▸ **TASK TO CARRY OUT**: Nothing below is to be printed except the lines between the line holding "w \<notin> L)" and the line holding "using zorder_exist_pole[OF hol", inclusive, each exactly as it appears.

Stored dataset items
◆ ◆ ◆ ◆
lemma winding_number_cell_path:
  "\<exists>k. k \<noteq> 0 \<and> (\<forall>p\<in>cell a. winding_number (cell_path a) p = k)"
proof -
  define b c d where "b = a + w1" and "c = a + w1 + w2" and "d = a + w2"
  define p0 where "p0 = a + of_real (1/2) * w1 + of_real (1/2) * w2"
  define K where "K = Im (w1 * cnj w2)"
  have path: "path (cell_path a)"
    by (simp add: valid_path_cell_path valid_path_imp_path)
  have off_path: "cell a \<inter> path_image (cell_path a) = {}"
    using path_image_cell_path by blast
  have "c1 p0 = c1 a + 1/2" "c2 p0 = c2 a + 1/2"
    unfolding p0_def coord_add coord_of_real_mult by simp_all
  then have "p0 \<in> cell a"
    by (simp add: cell_def)
  then have const: "\<forall>p\<in>cell a. winding_number (cell_path a) p = winding_number (cell_path a) p0"
    using winding_number_constant[OF path cell_path_loop convex_connected[OF convex_cell] off_path]
    by (auto simp: constant_on_def)
  have "p0 \<notin> path_image (cell_path a)"
    using \<open>p0 \<in> cell a\<close> off_path by blast
  then have wn: "winding_number (cell_path a) p0 = winding_number (linepath a b) p0
      + (winding_number (linepath b c) p0 + (winding_number (linepath c d) p0
      + winding_number (linepath d a) p0))"
    by (simp add: cell_path_def b_def c_def d_def winding_number_join path_image_join)
  \<comment> \<open>Seen from the centre, all four sides turn in the direction given by the sign of K.\<close>
  have sides: "Im ((b - a) * cnj (b - p0)) = - K / 2" "Im ((c - b) * cnj (c - p0)) = - K / 2"
    "Im ((d - c) * cnj (d - p0)) = - K / 2" "Im ((a - d) * cnj (a - p0)) = - K / 2"
    by (simp_all add: b_def c_def d_def p0_def K_def field_simps)
  show ?thesis
  proof (cases "K < 0")
    case True
    then have "0 < Re (winding_number (cell_path a) p0)"
      using sides unfolding wn by (simp add: add_pos_pos winding_number_linepath_pos_lt)
    then show ?thesis
      using const by (intro exI[of _ "winding_number (cell_path a) p0"]) auto
  next
    case False
    then have "K > 0"
      using basis by (simp add: K_def)
    moreover have "Im ((a - b) * cnj (a - p0)) = K / 2" "Im ((b - c) * cnj (b - p0)) = K / 2"
      "Im ((c - d) * cnj (c - p0)) = K / 2" "Im ((d - a) * cnj (d - p0)) = K / 2"
      by (simp_all add: b_def c_def d_def p0_def K_def field_simps)
    ultimately have "Re (winding_number (cell_path a) p0) < 0"
      unfolding wn by (simp add: add_neg_neg winding_number_linepath_neg_lt)
    then show ?thesis
      using const by (intro exI[of _ "winding_number (cell_path a) p0"]) auto
  qed
qed

lemma contour_integral_cell_path_periodic:
  assumes per: "\<And>u. F (u + w1) = F u" "\<And>u. F (u + w2) = F u"
    and cont: "continuous_on (path_image (cell_path a)) F"
  shows "contour_integral (cell_path a) F = 0"
proof -
  have shift: "contour_integral (linepath (x + l) (y + l)) F = contour_integral (linepath x y) F"
    if "\<And>u. F (u + l) = F u" for x y l
  proof -
    have "linepath (x + l) (y + l) t = linepath x y t + l" for t
      by (simp add: linepath_def algebra_simps)
    then show ?thesis
      using that by (simp add: contour_integral_integral)
  qed
  have reverse: "contour_integral (linepath y x) F = - contour_integral (linepath x y) F" for x y
    using contour_integral_reversepath[OF valid_path_linepath, of x y F] by simp
  \<comment> \<open>Opposite sides are translates of each other, traversed in opposite directions.\<close>
  have right: "contour_integral (linepath (a + w1) (a + w1 + w2)) F = contour_integral (linepath a (a + w2)) F"
    using shift[where x = a and y = "a + w2" and l = w1] per(1) by (simp add: add_ac)
  have top: "contour_integral (linepath (a + w1 + w2) (a + w2)) F = - contour_integral (linepath a (a + w1)) F"
    using shift[where x = "a + w1" and y = a and l = w2] per(2) reverse by metis
  have "F contour_integrable_on linepath a (a + w1)"
    "F contour_integrable_on linepath (a + w1) (a + w1 + w2)"
    "F contour_integrable_on linepath (a + w1 + w2) (a + w2)"
    "F contour_integrable_on linepath (a + w2) a"
    using cont by (auto simp: cell_path_def path_image_join
        intro!: contour_integrable_continuous_linepath elim: continuous_on_subset)
  then show ?thesis
    by (simp add: cell_path_def contour_integrable_joinI valid_path_join right top reverse[of "a + w2"])
qed

end

lemma periodic_of_int:
  fixes f :: "'a::ring_1 \<Rightarrow> 'b"
  assumes per: "\<And>w. f (w + c) = f w"
  shows "f (w + of_int m * c) = f w"
proof -
  have nat: "f (w + of_nat n * c) = f w" for w n
  proof (induction n)
    case (Suc n)
    have "f (w + of_nat (Suc n) * c) = f ((w + of_nat n * c) + c)"
      by (simp add: algebra_simps)
    also have "\<dots> = f w"
      using per Suc.IH by simp
    finally show ?case .
  qed simp
  show ?thesis
  proof (cases "m \<ge> 0")
    case True
    then show ?thesis
      using nat[of w "nat m"] by simp
  next
    case False
    then have "f (w + of_int m * c) = f (w + of_int m * c + of_nat (nat (- m)) * c)"
      using nat by presburger
    then show ?thesis
      using False by (simp add: algebra_simps)
  qed
qed

lemma sum_eq_five_three_one_one:
  fixes f :: "'a \<Rightarrow> int"
  assumes "finite A" "a \<in> A" "b \<in> A" "c \<in> A" "distinct [a, b, c]"
    and "\<And>p. p \<in> A \<Longrightarrow> 1 \<le> f p" "f a = 3" "(\<Sum>p\<in>A. f p) = 5"
  shows "f b = 1 \<and> f c = 1 \<and> A = {a, b, c}"
proof -
  define B where "B = {a, b, c}"
  have "B \<subseteq> A"
    using assms by (simp add: B_def)
  then have "(\<Sum>p\<in>A. f p) = f a + f b + f c + (\<Sum>p\<in>A - B. f p)"
    using sum.subset_diff[of B A f] assms(1,5) by (simp add: B_def)
  moreover have "int (card (A - B)) \<le> (\<Sum>p\<in>A - B. f p)"
    using sum_mono[of "A - B" "\<lambda>_. 1" f] assms(6) by simp
  moreover have "1 \<le> f b" "1 \<le> f c"
    using assms by simp_all
  ultimately have "f b = 1" "f c = 1" "card (A - B) = 0"
    using assms(7,8) by linarith+
  then show ?thesis
    using \<open>B \<subseteq> A\<close> assms(1) by (auto simp: B_def)
qed

locale elliptic_function = lattice_basis +
  fixes g :: "complex \<Rightarrow> complex"
  assumes periodic1: "g (w + w1) = g w"
    and periodic2: "g (w + w2) = g w"
    and holomorphic: "g holomorphic_on - L"
    and pole_0: "is_pole g 0"
begin

lemma periodic_lattice: "l \<in> L \<Longrightarrow> g (w + l) = g w"
  using periodic_of_int[of g w1, OF periodic1] periodic_of_int[of g w2, OF periodic2]
  by (auto simp: lattice_def add.assoc[symmetric])

lemma lat_cong_eq: "lat_cong w1 w2 a b \<Longrightarrow> g a = g b"
  using periodic_lattice[of "a - b" b] by (simp add: lat_cong_def)

lemma zorder_lat_cong: "lat_cong w1 w2 a b \<Longrightarrow> zorder g a = zorder g b"
proof -
  assume "lat_cong w1 w2 a b"
  then have "g (u + a) = g (u + b)" for u
    using periodic_lattice[of "a - b" "u + b"] by (simp add: lat_cong_def algebra_simps)
  then show ?thesis
    using zorder_shift[of g a] zorder_shift[of g b] by simp
qed

lemma deriv_periodic_lattice: "l \<in> L \<Longrightarrow> deriv g (w + l) = deriv g w"
proof -
  assume "l \<in> L"
  then have "(\<lambda>u. g (u + l)) = g"
    using periodic_lattice by auto
  then show ?thesis
    using DERIV_shift[of g _ w l] by (simp add: deriv_def)
qed

lemma is_pole_lattice: "l \<in> L \<Longrightarrow> is_pole g l"
proof -
  assume "l \<in> L"
  then have "(\<lambda>u. g (l + u)) = g"
    using periodic_lattice[of l] by (simp add: add.commute)
  then show ?thesis
    using pole_0 is_pole_shift_0[of g l] by simp
qed

(* The value of g on the lattice is junk (g has poles there), hence the exclusion. *)
definition zeros :: "complex set" where
  "zeros = {w. w \<notin> L \<and> g w = 0}"

lemma eventually_nonzero_lattice: "l \<in> L \<Longrightarrow> eventually (\<lambda>w. g w \<noteq> 0) (at l)"
  using is_pole_lattice unfolding is_pole_def by (rule filterlim_at_infinity_imp_eventually_ne)

lemma zeros_not_islimpt: "\<not> x islimpt zeros"
proof (cases "x \<in> L")
  case True
  have "eventually (\<lambda>w. w \<notin> zeros) (at x)"
    using eventually_nonzero_lattice[OF True] by eventually_elim (simp add: zeros_def)
  then show ?thesis
    by (simp add: islimpt_iff_eventually)
next
  case False
  show ?thesis
  proof
    assume limit: "x islimpt zeros"
    \<comment> \<open>Identity theorem on the connected open set - L; the pole at 0 then gives a contradiction.\<close>
    have vanishes: "g w = 0" if "w \<in> - L" for w
      by (rule analytic_continuation[OF holomorphic _ connected_lattice_complement _ _ limit])
        (use False that closed_lattice in \<open>auto simp: zeros_def\<close>)
    have "eventually (\<lambda>w. g w \<noteq> 0 \<and> w \<notin> L) (at 0)"
      using eventually_nonzero_lattice[OF zero_in_lattice] eventually_not_in_lattice
      by (rule eventually_conj)
    then have "eventually (\<lambda>w. False) (at (0::complex))"
      by eventually_elim (use vanishes in auto)
    then show False
      by (simp add: trivial_limit_at)
  qed
qed

lemma closed_zeros: "closed zeros"
  using zeros_not_islimpt closed_limpt by blast

lemma finite_zeros_inter_bounded: "bounded B \<Longrightarrow> finite (zeros \<inter> B)"
  using finite_not_islimpt_in_compact[of "closure B" zeros] zeros_not_islimpt closure_subset
  by (metis compact_closure finite_subset inf.commute inf_mono order_refl)

lemma even_pole_order_if_even:
  assumes even_fun: "\<And>w. w \<notin> L \<Longrightarrow> g (- w) = g w"
  shows "even (zorder g 0)"
proof -
  define n where "n = nat (- zorder g 0)"
  define h where "h = zor_poly g 0"
  obtain \<rho> where "\<rho> > 0" and \<rho>: "\<And>w. w \<in> ball 0 \<rho> \<Longrightarrow> w \<noteq> 0 \<Longrightarrow> w \<notin> L"
    using eventually_not_in_lattice[of 0] by (auto simp: eventually_at dist_commute)
  have hol: "g holomorphic_on ball 0 \<rho> - {0}"
    using holomorphic by (rule holomorphic_on_subset) (use \<rho> in auto)
  have "zorder g 0 < 0 \<and> h 0 \<noteq> 0 \<and> (\<exists>r>0. cball (0::complex) r \<subseteq> ball 0 \<rho> \<and> h holomorphic_on cball 0 r
      \<and> (\<forall>w\<in>cball 0 r - {0}. g w = h w / (w - 0) ^ nat (- zorder g 0) \<and> h w \<noteq> 0))"
    using zorder_exist_pole[OF hol open_ball _ pole_0] \<open>\<rho> > 0\<close> unfolding h_def by simp
  then obtain r where "zorder g 0 < 0" "h 0 \<noteq> 0" "r > 0" and r: "cball (0::complex) r \<subseteq> ball 0 \<rho>"
    and h_cont: "h holomorphic_on cball 0 r"
    and g_eq: "\<forall>w\<in>cball 0 r - {0}. g w = h w / w ^ n"
    unfolding n_def by auto
  \<comment> \<open>In g w = h w / w^n, evenness of g forces h(-w) = (-1)^n h w, and h 0 \<noteq> 0.\<close>
  have "eventually (\<lambda>w. w \<in> ball 0 r - {0}) (at (0::complex))"
    using eventually_at_in_open[of "ball 0 r" "0::complex"] \<open>r > 0\<close> by (simp add: dist_norm)
  then have symmetric: "eventually (\<lambda>w. h (- w) = (-1) ^ n * h w) (at 0)"
  proof eventually_elim
    case (elim w)
    then have "w \<in> cball 0 r - {0}" "- w \<in> cball 0 r - {0}"
      by auto
    moreover have "w \<notin> L"
      using \<rho>[of w] subsetD[OF r, of w] elim by auto
    ultimately
    have "h (- w) / (- w) ^ n = h w / w ^ n"
      using even_fun[of w] g_eq by simp
    moreover have "(- w) ^ n = (-1) ^ n * w ^ n"
      by (rule power_minus)
    ultimately show ?case
      using elim by (simp add: divide_eq_eq)
  qed
  have "isCont h 0"
    using continuous_on_interior[OF holomorphic_on_imp_continuous_on[OF h_cont]] \<open>r > 0\<close> by simp
  then have "isCont (\<lambda>w. h (- w)) 0"
    using isCont_o2[where f = uminus and a = 0 and g = h] by simp
  then have "((\<lambda>w. h (- w)) \<longlongrightarrow> h 0) (at 0)"
    by (simp add: isCont_def)
  then have "((\<lambda>w. (-1) ^ n * h w) \<longlongrightarrow> h 0) (at 0)"
    using symmetric by (rule Lim_transform_eventually)
  moreover have "((\<lambda>w. (-1) ^ n * h w) \<longlongrightarrow> (-1) ^ n * h 0) (at 0)"
    using \<open>isCont h 0\<close> by (simp add: isCont_def tendsto_mult_left)
  ultimately have "(-1) ^ n * h 0 = h 0"
    using tendsto_unique[OF trivial_limit_at] by blast
  then have "even n"
    using \<open>h 0 \<noteq> 0\<close> by (cases "even n") auto
  then show ?thesis
    using \<open>zorder g 0 < 0\<close> by (simp add: n_def even_nat_iff)
qed

lemma odd_vanishes_at_two_torsion:
  assumes odd_fun: "\<And>w. w \<notin> L \<Longrightarrow> g (- w) = - g w"
    and "2 * t \<in> L" "t \<notin> L"
  shows "g t = 0"
proof -
  have "g t = g (- t + 2 * t)"
    by simp
  also have "\<dots> = g (- t)"
    using periodic_lattice[OF \<open>2 * t \<in> L\<close>] by blast
  also have "\<dots> = - g t"
    using odd_fun[OF \<open>t \<notin> L\<close>] .
  finally show ?thesis
    by simp
qed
◆ ◆ ◆ ◆
▸ **WORKED SOLUTION**:
    have "eventually (\<lambda>w. g w \<noteq> 0 \<and> w \<notin> L) (at 0)"
      using eventually_nonzero_lattice[OF zero_in_lattice] eventually_not_in_lattice
      by (rule eventually_conj)
    then have "eventually (\<lambda>w. False) (at (0::complex))"
      by eventually_elim (use vanishes in auto)
    then show False
      by (simp add: trivial_limit_at)
  qed
qed

lemma closed_zeros: "closed zeros"
  using zeros_not_islimpt closed_limpt by blast

lemma finite_zeros_inter_bounded: "bounded B \<Longrightarrow> finite (zeros \<inter> B)"
  using finite_not_islimpt_in_compact[of "closure B" zeros] zeros_not_islimpt closure_subset
  by (metis compact_closure finite_subset inf.commute inf_mono order_refl)

lemma even_pole_order_if_even:
  assumes even_fun: "\<And>w. w \<notin> L \<Longrightarrow> g (- w) = g w"
  shows "even (zorder g 0)"
proof -
  define n where "n = nat (- zorder g 0)"
  define h where "h = zor_poly g 0"
  obtain \<rho> where "\<rho> > 0" and \<rho>: "\<And>w. w \<in> ball 0 \<rho> \<Longrightarrow> w \<noteq> 0 \<Longrightarrow> w \<notin> L"
    using eventually_not_in_lattice[of 0] by (auto simp: eventually_at dist_commute)
  have hol: "g holomorphic_on ball 0 \<rho> - {0}"
    using holomorphic by (rule holomorphic_on_subset) (use \<rho> in auto)
  have "zorder g 0 < 0 \<and> h 0 \<noteq> 0 \<and> (\<exists>r>0. cball (0::complex) r \<subseteq> ball 0 \<rho> \<and> h holomorphic_on cball 0 r
      \<and> (\<forall>w\<in>cball 0 r - {0}. g w = h w / (w - 0) ^ nat (- zorder g 0) \<and> h w \<noteq> 0))"
    using zorder_exist_pole[OF hol open_ball _ pole_0] \<open>\<rho> > 0\<close> unfolding h_def by simp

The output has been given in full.